Only one stretch of the data is wanted: the line containing "distinct cs \<and>", the line containing "open_nbhd V adj (vs", and every line between them, copied exactly.

**DATA TO USE:**
————————

(* Let $\mathcal{H}=(X,\mathcal{E})$ be a finite hypergraph with no isolated vertices and no empty hyperedge, and let $G$ be its incidence graph. Then $\gamma_{\rm gr}^t(G)=2\rho_{\rm gr}(\mathcal{H})$.
   Context: The incidence graph of $\mathcal{H}$ is the bipartite graph with vertex set $X\cup\mathcal{E}$ (disjoint copies), where $x\in X$ is adjacent to $B\in\mathcal{E}$ iff $x\in B$. A sequence $(C_1,\ldots,C_r)$ of distinct hyperedges is an edge covering sequence if $C_i\setminus\bigcup_{j<i}C_j\neq\emptyset$ for all $i\in\{2,\ldots,r\}$ and $C_1\cup\cdots\cup C_r=X$; $\rho_{\rm gr}(\mathcal{H})$ is the maximum length of an edge covering sequence. For a graph $G$ without isolated vertices, with $N(v)$ the open neighborhood, a sequence $(v_1,\ldots,v_k)$ of distinct vertices is a total dominating sequence if $N(v_i)\setminus \bigcup_{j=1}^{i-1} N(v_j)\neq\emptyset$ for every $i\in\{2,\ldots,k\}$ and every vertex of $G$ has a neighbor in $\{v_1,\ldots,v_k\}$; $\gamma_{\rm gr}^t(G)$ is the maximum length of a total dominating sequence. *)

theory Defs
  imports Main
begin

definition hypergraph :: "'a set \<Rightarrow> 'a set set \<Rightarrow> bool" where
  "hypergraph X E \<longleftrightarrow> finite X \<and> finite E \<and> (\<forall>B\<in>E. B \<subseteq> X)"

definition no_isolated_vertices_hg :: "'a set \<Rightarrow> 'a set set \<Rightarrow> bool" where
  "no_isolated_vertices_hg X E \<longleftrightarrow> (\<forall>x\<in>X. \<exists>B\<in>E. x \<in> B)"

text \<open>Edge covering sequences (lists of distinct hyperedges; 0-based index i \<ge> 1 corresponds to i \<ge> 2).\<close>

definition edge_covering_seq :: "'a set \<Rightarrow> 'a set set \<Rightarrow> 'a set list \<Rightarrow> bool" where
  "edge_covering_seq X E cs \<longleftrightarrow>
     distinct cs \<and> set cs \<subseteq> E \<and>
     (\<forall>i. 1 \<le> i \<and> i < length cs \<longrightarrow> cs ! i - \<Union>(set (take i cs)) \<noteq> {}) \<and>
     \<Union>(set cs) = X"

definition rho_gr :: "'a set \<Rightarrow> 'a set set \<Rightarrow> nat" where
  "rho_gr X E = Max {length cs | cs. edge_covering_seq X E cs}"

definition open_nbhd :: "'v set \<Rightarrow> ('v \<Rightarrow> 'v \<Rightarrow> bool) \<Rightarrow> 'v \<Rightarrow> 'v set" where
  "open_nbhd V adj v = {u \<in> V. adj v u}"

definition total_dom_seq :: "'v set \<Rightarrow> ('v \<Rightarrow> 'v \<Rightarrow> bool) \<Rightarrow> 'v list \<Rightarrow> bool" where
  "total_dom_seq V adj vs \<longleftrightarrow>
     distinct vs \<and> set vs \<subseteq> V \<and>
     (\<forall>i. 1 \<le> i \<and> i < length vs \<longrightarrow>
        open_nbhd V adj (vs ! i) - \<Union>(open_nbhd V adj ` set (take i vs)) \<noteq> {}) \<and>
     (\<forall>w\<in>V. \<exists>v\<in>set vs. w \<in> open_nbhd V adj v)"

definition grundy_total_dom :: "'v set \<Rightarrow> ('v \<Rightarrow> 'v \<Rightarrow> bool) \<Rightarrow> nat" where
  "grundy_total_dom V adj = Max {length vs | vs. total_dom_seq V adj vs}"

definition inc_vertices :: "'a set \<Rightarrow> 'a set set \<Rightarrow> ('a + 'a set) set" where
  "inc_vertices X E = Inl ` X \<union> Inr ` E"

fun inc_adj :: "('a + 'a set) \<Rightarrow> ('a + 'a set) \<Rightarrow> bool" where
  "inc_adj (Inl x) (Inr B) = (x \<in> B)"
| "inc_adj (Inr B) (Inl x) = (x \<in> B)"
| "inc_adj _ _ = False"

end

theory Submission
  imports Defs
begin

text \<open>A total dominating sequence of the incidence graph is an interleaving of a sequence of
hyperedges, each with a private vertex, and a sequence of vertices, each with a private
hyperedge. Both are instances of footprint sequences of a bipartite relation. The hyperedge
part has length at most \<open>\<rho>\<close>; so does the vertex part, because a footprint sequence
\<open>q\<^sub>1, \<dots>, q\<^sub>n\<close> with private neighbours \<open>p\<^sub>1, \<dots>, p\<^sub>n\<close> has a triangular incidence pattern,
and reading it backwards makes \<open>p\<^sub>n, \<dots>, p\<^sub>1\<close> a footprint sequence of the converse relation.
Conversely, an optimal edge covering sequence followed by a dominating vertex sequence of the
same length obtained in this way is a total dominating sequence of length \<open>2\<rho>\<close>.\<close>

lemma finite_lengths_bounded:
  assumes "\<And>ys. P ys \<Longrightarrow> length ys \<le> b"
  shows "finite {length ys | ys. P ys}"
  by (rule finite_subset[of _ "{..b}"]) (use assms in auto)

lemma length_le_Max_length:
  assumes "\<And>ys. P ys \<Longrightarrow> length ys \<le> b" "P xs"
  shows "length xs \<le> Max {length ys | ys. P ys}"
  using finite_lengths_bounded[OF assms(1)] assms(2) by (auto intro: Max_ge)

lemma Max_length_attained:
  assumes "\<And>ys. P ys \<Longrightarrow> length ys \<le> b" "P xs"
  shows "\<exists>ys. P ys \<and> length ys = Max {length ys | ys. P ys}"
proof -
  have "Max {length ys | ys. P ys} \<in> {length ys | ys. P ys}"
    using finite_lengths_bounded[OF assms(1)] assms(2) by (intro Max_in) auto
  then show ?thesis by auto
qed

lemma Max_length_eqI:
  assumes "P xs" "length xs = n" "\<And>ys. P ys \<Longrightarrow> length ys \<le> n"
  shows "Max {length ys | ys. P ys} = n"
  using finite_lengths_bounded[of P n] assms by (intro Max_eqI) auto

subsection \<open>Footprint sequences of a relation\<close>

definition private_nbrs :: "('p \<Rightarrow> 'q \<Rightarrow> bool) \<Rightarrow> 'p set \<Rightarrow> 'q \<Rightarrow> 'q list \<Rightarrow> 'p set" where
  "private_nbrs R P q prev = {p \<in> P. R p q \<and> (\<forall>q'\<in>set prev. \<not> R p q')}"

definition footprint_seq :: "('p \<Rightarrow> 'q \<Rightarrow> bool) \<Rightarrow> 'p set \<Rightarrow> 'q set \<Rightarrow> 'q list \<Rightarrow> bool" where
  "footprint_seq R P Q qs \<longleftrightarrow> distinct qs \<and> set qs \<subseteq> Q \<and>
     (\<forall>i. 1 \<le> i \<and> i < length qs \<longrightarrow> private_nbrs R P (qs ! i) (take i qs) \<noteq> {})"

definition dominates :: "('p \<Rightarrow> 'q \<Rightarrow> bool) \<Rightarrow> 'p set \<Rightarrow> 'q list \<Rightarrow> bool" where
  "dominates R P qs \<longleftrightarrow> (\<forall>p\<in>P. \<exists>q\<in>set qs. R p q)"

lemma private_nbrs_Nil [simp]: "private_nbrs R P q [] = {p \<in> P. R p q}"
  by (simp add: private_nbrs_def)

lemma footprint_seq_Nil [simp]: "footprint_seq R P Q []"
  by (simp add: footprint_seq_def)

lemma footprint_seq_snoc:
  "footprint_seq R P Q (qs @ [q]) \<longleftrightarrow> footprint_seq R P Q qs \<and> q \<notin> set qs \<and> q \<in> Q \<and>
     (qs \<noteq> [] \<longrightarrow> private_nbrs R P q qs \<noteq> {})"
proof -
  have "(\<forall>i. 1 \<le> i \<and> i < length (qs @ [q]) \<longrightarrow>
          private_nbrs R P ((qs @ [q]) ! i) (take i (qs @ [q])) \<noteq> {}) \<longleftrightarrow>
        (\<forall>i. 1 \<le> i \<and> i < length qs \<longrightarrow> private_nbrs R P (qs ! i) (take i qs) \<noteq> {}) \<and>
        (qs \<noteq> [] \<longrightarrow> private_nbrs R P q qs \<noteq> {})"
    by (auto simp: nth_append less_Suc_eq Suc_le_eq)
  then show ?thesis
    unfolding footprint_seq_def by auto
qed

————————

**ANSWER SECTION:**
     distinct cs \<and> set cs \<subseteq> E \<and>
     (\<forall>i. 1 \<le> i \<and> i < length cs \<longrightarrow> cs ! i - \<Union>(set (take i cs)) \<noteq> {}) \<and>
     \<Union>(set cs) = X"

definition rho_gr :: "'a set \<Rightarrow> 'a set set \<Rightarrow> nat" where
  "rho_gr X E = Max {length cs | cs. edge_covering_seq X E cs}"

definition open_nbhd :: "'v set \<Rightarrow> ('v \<Rightarrow> 'v \<Rightarrow> bool) \<Rightarrow> 'v \<Rightarrow> 'v set" where
  "open_nbhd V adj v = {u \<in> V. adj v u}"

definition total_dom_seq :: "'v set \<Rightarrow> ('v \<Rightarrow> 'v \<Rightarrow> bool) \<Rightarrow> 'v list \<Rightarrow> bool" where
  "total_dom_seq V adj vs \<longleftrightarrow>
     distinct vs \<and> set vs \<subseteq> V \<and>
     (\<forall>i. 1 \<le> i \<and> i < length vs \<longrightarrow>
        open_nbhd V adj (vs ! i) - \<Union>(open_nbhd V adj ` set (take i vs)) \<noteq> {}) \<and>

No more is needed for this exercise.